(Beginning of Source data)

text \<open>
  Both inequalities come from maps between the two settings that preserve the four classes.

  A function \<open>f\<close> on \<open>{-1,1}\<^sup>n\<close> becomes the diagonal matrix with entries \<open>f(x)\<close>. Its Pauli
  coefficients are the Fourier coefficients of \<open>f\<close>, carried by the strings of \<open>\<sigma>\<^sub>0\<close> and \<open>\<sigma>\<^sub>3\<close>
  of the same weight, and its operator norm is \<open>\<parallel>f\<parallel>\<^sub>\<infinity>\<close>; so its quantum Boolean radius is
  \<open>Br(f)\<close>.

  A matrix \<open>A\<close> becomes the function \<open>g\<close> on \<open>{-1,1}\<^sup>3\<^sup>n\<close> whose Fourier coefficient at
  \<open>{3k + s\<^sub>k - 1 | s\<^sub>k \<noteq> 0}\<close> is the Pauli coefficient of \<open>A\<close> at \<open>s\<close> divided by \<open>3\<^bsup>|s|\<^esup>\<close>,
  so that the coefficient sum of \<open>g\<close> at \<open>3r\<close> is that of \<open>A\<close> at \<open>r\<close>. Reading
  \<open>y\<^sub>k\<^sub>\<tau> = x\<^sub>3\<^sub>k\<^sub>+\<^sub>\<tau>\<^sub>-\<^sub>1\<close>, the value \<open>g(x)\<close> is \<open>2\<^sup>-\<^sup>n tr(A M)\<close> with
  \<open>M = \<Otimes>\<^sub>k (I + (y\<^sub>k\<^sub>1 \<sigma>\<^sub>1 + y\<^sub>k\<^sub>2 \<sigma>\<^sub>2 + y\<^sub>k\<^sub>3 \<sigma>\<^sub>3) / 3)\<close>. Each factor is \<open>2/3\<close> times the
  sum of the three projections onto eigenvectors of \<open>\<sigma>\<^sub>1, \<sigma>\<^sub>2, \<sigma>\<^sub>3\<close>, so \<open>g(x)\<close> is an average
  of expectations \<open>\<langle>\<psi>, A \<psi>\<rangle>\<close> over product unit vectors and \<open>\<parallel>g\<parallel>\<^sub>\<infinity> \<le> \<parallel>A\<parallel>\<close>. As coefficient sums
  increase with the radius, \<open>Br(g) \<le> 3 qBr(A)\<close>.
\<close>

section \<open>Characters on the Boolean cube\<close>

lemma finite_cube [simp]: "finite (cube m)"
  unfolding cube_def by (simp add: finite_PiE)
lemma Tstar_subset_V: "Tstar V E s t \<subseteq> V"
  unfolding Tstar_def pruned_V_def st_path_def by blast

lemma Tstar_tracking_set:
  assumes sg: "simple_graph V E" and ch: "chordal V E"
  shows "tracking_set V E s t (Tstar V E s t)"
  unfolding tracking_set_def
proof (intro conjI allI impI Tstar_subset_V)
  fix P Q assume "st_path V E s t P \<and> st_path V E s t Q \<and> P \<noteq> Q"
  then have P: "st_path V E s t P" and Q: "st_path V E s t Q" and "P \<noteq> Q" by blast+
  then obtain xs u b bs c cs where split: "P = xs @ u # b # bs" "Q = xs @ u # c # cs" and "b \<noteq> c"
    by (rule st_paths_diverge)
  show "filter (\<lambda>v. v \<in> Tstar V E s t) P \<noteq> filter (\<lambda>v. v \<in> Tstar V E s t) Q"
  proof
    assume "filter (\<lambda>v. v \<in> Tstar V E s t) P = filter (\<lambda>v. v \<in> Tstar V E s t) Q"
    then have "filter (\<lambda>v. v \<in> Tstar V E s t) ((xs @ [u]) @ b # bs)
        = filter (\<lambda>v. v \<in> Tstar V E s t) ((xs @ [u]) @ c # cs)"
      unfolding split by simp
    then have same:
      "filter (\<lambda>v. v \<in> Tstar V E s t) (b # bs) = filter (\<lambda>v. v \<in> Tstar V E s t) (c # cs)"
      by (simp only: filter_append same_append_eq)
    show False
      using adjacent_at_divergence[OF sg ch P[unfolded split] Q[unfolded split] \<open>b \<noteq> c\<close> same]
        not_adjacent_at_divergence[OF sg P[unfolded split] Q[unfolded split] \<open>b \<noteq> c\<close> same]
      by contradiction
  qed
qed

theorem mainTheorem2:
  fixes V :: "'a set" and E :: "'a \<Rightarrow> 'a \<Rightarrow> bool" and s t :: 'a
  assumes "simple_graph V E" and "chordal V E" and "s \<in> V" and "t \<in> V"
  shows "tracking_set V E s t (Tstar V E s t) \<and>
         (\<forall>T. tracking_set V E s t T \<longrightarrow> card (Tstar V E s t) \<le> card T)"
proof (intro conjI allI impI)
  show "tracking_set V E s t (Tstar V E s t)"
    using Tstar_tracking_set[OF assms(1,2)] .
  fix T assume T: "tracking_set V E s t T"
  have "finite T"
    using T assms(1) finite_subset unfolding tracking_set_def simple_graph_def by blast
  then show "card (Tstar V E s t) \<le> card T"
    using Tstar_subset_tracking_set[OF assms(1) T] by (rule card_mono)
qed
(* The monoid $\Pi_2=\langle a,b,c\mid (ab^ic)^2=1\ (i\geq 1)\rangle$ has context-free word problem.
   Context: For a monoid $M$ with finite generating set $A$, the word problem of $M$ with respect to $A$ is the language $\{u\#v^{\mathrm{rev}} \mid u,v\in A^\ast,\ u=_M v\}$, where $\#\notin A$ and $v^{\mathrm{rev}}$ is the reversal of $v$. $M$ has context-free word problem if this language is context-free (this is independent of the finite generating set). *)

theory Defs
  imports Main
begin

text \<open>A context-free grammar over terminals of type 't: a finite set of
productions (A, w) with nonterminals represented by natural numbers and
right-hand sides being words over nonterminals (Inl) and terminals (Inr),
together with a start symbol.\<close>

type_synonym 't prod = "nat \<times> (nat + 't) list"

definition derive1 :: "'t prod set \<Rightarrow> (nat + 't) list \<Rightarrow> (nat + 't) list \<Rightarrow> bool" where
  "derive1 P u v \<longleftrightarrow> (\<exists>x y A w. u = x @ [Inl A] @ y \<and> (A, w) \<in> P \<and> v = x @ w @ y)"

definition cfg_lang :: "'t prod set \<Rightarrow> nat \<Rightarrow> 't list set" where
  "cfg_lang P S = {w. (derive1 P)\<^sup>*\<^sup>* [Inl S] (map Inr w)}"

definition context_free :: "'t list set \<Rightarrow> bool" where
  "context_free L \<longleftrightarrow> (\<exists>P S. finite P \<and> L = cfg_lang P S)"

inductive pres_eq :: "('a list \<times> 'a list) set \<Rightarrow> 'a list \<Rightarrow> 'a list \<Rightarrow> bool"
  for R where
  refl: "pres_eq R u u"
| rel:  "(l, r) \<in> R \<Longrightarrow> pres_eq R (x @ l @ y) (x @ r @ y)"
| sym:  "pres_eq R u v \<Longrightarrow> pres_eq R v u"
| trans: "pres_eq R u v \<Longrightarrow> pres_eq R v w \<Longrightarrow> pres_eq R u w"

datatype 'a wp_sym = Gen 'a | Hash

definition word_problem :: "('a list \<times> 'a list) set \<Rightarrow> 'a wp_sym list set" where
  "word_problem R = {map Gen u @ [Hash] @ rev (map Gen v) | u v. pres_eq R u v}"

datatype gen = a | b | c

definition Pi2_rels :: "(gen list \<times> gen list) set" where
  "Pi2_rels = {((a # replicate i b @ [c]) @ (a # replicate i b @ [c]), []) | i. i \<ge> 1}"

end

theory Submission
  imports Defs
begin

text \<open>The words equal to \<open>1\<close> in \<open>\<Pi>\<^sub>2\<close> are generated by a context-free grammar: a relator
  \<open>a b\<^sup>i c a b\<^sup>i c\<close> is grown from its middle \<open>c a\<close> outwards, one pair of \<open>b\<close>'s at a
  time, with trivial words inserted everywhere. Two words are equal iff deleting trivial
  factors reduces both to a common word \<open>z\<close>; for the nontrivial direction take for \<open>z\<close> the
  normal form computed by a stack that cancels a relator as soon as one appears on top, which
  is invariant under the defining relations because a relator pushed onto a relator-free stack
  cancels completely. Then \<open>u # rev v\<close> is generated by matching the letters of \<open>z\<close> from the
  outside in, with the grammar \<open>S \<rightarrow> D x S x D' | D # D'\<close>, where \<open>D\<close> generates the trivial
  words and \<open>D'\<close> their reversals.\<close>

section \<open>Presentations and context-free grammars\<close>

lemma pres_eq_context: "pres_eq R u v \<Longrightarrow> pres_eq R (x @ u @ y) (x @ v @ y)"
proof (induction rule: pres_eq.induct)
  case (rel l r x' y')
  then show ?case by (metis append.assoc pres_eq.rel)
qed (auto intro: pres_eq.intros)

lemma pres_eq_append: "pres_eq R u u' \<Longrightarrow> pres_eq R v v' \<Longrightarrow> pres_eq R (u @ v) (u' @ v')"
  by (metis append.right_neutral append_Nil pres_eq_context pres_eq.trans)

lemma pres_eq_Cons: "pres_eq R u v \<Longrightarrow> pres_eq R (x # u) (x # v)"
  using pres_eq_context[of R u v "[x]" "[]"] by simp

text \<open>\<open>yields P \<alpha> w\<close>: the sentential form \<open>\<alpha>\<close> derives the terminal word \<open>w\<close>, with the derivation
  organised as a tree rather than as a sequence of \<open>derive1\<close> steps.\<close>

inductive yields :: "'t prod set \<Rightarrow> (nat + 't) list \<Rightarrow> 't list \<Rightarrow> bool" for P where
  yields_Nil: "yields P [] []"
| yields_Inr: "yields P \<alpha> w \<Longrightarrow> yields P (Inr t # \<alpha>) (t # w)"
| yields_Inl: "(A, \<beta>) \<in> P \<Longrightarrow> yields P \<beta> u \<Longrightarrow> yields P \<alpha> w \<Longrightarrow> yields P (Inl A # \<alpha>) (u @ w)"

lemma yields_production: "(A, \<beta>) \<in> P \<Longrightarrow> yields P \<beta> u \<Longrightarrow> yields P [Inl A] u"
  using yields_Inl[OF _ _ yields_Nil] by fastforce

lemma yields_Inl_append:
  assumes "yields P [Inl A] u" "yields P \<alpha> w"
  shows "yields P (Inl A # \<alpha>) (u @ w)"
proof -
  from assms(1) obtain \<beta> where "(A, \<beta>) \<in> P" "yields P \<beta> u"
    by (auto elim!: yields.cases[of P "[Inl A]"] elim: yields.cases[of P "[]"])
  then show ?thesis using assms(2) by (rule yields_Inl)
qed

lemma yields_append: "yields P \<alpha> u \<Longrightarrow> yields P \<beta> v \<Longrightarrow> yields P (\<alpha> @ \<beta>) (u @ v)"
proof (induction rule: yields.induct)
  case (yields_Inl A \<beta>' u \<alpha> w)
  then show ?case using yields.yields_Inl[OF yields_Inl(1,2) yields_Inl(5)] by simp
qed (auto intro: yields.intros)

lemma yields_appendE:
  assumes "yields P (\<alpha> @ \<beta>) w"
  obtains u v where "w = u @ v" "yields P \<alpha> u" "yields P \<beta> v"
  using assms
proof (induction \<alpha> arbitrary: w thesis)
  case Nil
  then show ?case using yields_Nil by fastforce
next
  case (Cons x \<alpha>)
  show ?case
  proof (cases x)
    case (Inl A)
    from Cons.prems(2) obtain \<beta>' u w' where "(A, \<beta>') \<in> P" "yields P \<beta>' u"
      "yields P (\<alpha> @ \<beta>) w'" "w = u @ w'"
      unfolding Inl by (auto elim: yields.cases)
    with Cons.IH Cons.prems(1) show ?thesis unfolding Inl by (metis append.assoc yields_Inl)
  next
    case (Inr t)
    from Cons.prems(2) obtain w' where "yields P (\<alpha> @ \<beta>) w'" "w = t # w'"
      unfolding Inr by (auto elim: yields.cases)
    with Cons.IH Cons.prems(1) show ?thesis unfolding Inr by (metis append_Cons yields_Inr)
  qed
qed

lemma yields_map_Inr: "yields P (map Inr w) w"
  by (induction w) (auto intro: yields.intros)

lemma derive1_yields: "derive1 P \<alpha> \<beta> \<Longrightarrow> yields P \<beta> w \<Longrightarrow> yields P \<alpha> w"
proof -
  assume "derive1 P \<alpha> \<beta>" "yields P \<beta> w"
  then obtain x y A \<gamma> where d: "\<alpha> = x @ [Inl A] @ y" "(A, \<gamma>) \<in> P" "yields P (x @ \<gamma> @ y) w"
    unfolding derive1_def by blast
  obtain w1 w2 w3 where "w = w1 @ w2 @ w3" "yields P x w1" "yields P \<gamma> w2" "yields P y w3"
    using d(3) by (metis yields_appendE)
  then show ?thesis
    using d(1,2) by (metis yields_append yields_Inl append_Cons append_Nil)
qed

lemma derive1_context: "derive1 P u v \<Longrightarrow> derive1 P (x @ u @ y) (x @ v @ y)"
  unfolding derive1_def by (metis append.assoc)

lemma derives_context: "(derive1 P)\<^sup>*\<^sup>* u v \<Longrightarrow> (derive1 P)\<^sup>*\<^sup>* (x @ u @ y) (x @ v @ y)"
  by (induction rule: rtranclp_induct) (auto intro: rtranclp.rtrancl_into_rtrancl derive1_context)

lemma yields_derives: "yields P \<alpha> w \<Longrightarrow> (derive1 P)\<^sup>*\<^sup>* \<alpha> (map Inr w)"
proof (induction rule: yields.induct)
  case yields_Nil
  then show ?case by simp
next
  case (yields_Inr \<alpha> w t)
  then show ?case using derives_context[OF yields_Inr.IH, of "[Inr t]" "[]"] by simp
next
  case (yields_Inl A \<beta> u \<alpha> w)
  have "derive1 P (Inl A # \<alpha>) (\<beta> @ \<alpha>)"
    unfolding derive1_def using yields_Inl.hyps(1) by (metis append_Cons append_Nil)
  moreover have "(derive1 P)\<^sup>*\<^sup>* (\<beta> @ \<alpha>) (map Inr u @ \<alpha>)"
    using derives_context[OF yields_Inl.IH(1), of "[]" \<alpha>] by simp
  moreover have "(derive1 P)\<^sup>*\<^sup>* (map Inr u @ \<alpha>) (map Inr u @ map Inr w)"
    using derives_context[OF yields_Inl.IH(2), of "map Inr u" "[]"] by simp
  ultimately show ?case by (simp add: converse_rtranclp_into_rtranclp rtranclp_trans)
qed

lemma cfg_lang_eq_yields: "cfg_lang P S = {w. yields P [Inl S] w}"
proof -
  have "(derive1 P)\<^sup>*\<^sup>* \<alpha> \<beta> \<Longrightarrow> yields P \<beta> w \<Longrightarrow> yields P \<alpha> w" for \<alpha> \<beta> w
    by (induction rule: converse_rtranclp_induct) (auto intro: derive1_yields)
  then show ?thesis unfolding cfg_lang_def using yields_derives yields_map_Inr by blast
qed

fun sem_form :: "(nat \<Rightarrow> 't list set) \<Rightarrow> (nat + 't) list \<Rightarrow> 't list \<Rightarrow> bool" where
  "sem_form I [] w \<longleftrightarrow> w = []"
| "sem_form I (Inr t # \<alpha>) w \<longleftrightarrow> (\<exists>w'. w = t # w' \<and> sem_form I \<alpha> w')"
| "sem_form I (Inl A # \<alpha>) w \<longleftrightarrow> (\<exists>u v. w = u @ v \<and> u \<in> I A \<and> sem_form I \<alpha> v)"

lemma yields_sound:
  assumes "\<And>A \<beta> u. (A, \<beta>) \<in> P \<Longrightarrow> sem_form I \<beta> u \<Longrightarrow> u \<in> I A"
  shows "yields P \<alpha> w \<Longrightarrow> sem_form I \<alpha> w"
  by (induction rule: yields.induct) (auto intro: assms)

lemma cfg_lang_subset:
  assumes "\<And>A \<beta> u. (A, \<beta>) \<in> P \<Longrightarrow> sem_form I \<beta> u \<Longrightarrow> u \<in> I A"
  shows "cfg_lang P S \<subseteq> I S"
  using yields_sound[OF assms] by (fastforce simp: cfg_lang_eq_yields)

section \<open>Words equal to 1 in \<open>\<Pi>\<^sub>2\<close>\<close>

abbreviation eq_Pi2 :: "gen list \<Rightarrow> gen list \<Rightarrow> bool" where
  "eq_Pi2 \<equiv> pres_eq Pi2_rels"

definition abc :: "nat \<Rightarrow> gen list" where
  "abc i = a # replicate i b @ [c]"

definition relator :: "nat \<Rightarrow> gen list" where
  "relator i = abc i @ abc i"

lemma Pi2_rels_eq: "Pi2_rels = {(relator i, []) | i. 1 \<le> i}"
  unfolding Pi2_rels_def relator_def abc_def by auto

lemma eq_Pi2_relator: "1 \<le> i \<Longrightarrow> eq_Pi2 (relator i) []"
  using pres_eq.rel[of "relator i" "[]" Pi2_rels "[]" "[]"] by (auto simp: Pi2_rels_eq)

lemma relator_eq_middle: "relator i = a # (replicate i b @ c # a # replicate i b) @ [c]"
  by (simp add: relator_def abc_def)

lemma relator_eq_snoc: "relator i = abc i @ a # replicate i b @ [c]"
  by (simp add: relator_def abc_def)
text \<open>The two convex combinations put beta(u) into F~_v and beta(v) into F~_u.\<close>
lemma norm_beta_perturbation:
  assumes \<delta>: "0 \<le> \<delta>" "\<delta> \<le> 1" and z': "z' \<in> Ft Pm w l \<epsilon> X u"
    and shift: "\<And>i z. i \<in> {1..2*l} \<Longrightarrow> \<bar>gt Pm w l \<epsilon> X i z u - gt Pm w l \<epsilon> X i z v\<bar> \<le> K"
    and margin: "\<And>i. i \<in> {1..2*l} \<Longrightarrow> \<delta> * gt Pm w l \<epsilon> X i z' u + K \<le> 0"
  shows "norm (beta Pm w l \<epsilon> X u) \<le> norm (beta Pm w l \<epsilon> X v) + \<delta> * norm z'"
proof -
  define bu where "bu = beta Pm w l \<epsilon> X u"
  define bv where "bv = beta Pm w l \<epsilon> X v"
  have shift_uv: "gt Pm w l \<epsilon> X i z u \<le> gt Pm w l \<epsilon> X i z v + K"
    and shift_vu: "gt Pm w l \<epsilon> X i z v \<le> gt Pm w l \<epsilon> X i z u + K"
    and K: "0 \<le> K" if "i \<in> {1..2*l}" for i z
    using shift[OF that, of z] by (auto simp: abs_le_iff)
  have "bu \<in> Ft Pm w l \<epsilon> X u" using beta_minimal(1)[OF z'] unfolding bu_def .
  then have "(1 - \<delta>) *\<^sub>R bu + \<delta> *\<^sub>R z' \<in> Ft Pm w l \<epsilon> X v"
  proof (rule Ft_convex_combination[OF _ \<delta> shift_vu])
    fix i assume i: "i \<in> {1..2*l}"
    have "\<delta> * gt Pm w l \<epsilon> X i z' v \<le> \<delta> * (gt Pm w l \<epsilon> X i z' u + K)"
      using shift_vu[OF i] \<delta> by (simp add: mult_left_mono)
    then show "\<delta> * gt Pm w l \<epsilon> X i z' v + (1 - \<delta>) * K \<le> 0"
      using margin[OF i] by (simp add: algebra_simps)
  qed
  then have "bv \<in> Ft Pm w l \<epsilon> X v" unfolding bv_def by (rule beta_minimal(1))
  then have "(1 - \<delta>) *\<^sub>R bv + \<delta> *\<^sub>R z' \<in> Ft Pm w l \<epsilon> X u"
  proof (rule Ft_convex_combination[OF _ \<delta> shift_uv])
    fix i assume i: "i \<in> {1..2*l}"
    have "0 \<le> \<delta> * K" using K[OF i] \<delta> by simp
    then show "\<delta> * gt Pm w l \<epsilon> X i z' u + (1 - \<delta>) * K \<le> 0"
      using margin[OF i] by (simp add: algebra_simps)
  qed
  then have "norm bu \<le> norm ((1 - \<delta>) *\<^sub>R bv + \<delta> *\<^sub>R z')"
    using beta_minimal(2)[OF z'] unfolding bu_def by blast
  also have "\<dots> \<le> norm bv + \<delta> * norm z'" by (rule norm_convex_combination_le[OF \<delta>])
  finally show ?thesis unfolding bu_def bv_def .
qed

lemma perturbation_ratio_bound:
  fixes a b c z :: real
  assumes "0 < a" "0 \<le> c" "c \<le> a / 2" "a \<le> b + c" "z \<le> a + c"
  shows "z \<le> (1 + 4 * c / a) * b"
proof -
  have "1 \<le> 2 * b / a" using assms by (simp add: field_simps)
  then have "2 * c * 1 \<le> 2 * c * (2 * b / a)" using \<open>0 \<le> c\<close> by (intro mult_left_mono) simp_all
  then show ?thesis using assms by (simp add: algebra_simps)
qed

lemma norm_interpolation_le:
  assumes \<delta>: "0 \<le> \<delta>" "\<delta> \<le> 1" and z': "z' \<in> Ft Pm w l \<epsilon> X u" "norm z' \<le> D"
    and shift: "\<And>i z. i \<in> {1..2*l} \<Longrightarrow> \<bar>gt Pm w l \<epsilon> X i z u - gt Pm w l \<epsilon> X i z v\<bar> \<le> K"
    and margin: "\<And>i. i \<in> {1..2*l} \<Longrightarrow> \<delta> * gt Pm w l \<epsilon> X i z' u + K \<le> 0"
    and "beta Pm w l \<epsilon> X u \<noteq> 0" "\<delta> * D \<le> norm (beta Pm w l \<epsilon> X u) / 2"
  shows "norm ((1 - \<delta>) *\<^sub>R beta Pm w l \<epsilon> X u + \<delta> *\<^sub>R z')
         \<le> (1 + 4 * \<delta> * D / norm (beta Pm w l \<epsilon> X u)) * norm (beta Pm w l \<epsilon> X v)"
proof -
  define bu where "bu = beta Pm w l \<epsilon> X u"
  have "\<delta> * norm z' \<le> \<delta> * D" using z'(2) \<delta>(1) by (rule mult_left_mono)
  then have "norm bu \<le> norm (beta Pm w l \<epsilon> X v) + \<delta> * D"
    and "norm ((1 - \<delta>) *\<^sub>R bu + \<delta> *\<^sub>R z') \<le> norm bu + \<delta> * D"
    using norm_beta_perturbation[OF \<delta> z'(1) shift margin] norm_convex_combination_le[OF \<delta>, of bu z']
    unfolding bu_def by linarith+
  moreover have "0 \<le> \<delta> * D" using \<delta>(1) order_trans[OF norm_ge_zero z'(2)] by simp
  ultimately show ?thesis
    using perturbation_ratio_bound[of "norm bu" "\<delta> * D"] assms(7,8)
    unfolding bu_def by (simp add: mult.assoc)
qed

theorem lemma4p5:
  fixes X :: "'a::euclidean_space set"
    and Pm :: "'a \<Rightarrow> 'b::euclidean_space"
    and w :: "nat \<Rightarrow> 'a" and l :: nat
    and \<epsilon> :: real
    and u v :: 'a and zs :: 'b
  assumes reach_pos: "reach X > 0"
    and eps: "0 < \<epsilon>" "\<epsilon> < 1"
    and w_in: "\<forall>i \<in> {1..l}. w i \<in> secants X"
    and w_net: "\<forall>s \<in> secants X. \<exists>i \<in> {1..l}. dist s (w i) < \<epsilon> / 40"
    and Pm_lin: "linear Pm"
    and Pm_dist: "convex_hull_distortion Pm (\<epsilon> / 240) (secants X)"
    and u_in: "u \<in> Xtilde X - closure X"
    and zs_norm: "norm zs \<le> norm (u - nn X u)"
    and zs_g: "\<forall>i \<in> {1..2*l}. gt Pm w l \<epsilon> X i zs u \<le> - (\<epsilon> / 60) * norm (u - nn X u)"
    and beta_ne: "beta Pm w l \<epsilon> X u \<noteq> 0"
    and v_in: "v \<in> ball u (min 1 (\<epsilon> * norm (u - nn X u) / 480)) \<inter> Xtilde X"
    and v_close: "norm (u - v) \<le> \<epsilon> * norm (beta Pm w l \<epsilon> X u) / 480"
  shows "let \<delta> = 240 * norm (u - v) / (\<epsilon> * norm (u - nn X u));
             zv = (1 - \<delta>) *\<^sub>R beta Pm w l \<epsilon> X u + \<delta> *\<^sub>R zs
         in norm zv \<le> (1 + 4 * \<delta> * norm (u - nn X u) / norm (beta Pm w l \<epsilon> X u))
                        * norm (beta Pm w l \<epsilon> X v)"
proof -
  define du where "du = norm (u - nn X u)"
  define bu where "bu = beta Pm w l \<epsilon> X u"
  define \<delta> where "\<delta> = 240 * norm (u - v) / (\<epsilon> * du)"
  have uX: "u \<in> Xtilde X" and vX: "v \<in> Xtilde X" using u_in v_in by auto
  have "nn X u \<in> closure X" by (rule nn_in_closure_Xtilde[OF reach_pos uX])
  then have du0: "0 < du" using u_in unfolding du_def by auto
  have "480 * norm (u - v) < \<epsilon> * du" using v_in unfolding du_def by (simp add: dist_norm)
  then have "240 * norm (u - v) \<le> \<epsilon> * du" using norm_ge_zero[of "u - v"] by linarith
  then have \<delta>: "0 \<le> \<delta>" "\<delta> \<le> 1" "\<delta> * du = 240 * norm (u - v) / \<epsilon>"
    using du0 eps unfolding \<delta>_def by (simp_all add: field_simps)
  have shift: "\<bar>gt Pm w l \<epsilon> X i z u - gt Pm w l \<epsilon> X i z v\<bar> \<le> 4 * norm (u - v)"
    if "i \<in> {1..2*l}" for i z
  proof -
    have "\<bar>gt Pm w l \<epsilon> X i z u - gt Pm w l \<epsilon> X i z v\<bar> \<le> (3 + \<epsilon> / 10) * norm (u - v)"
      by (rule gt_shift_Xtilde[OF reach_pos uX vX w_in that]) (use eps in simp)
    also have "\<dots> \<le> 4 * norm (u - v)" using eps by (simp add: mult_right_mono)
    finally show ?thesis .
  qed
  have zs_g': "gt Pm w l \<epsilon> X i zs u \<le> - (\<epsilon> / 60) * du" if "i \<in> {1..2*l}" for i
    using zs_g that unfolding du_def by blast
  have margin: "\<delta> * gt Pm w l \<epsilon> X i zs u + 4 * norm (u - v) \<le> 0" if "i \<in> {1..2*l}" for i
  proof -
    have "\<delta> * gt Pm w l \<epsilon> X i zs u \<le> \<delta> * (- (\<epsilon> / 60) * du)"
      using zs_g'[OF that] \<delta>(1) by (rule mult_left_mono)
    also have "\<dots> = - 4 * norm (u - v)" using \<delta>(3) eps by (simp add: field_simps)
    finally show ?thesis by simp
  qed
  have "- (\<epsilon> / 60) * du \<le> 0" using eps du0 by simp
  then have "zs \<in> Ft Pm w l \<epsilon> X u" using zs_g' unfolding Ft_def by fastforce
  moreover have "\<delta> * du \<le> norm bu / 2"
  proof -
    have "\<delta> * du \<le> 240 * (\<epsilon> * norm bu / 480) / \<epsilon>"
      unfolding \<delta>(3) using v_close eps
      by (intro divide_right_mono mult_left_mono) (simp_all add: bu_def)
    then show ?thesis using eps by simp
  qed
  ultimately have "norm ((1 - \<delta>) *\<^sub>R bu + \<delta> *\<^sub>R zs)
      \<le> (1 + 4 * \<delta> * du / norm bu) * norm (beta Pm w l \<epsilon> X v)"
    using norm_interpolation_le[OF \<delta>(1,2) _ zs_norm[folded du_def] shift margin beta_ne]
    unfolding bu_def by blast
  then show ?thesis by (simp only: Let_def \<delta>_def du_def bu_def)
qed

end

(End of Source data)

**What the task requires:** If a line in the entries above contains the word "forall", copy it.

**Output of the exercise:**
         (\<forall>T. tracking_set V E s t T \<longrightarrow> card (Tstar V E s t) \<le> card T)"
    and w_in: "\<forall>i \<in> {1..l}. w i \<in> secants X"
    and w_net: "\<forall>s \<in> secants X. \<exists>i \<in> {1..l}. dist s (w i) < \<epsilon> / 40"
    and zs_g: "\<forall>i \<in> {1..2*l}. gt Pm w l \<epsilon> X i zs u \<le> - (\<epsilon> / 60) * norm (u - nn X u)"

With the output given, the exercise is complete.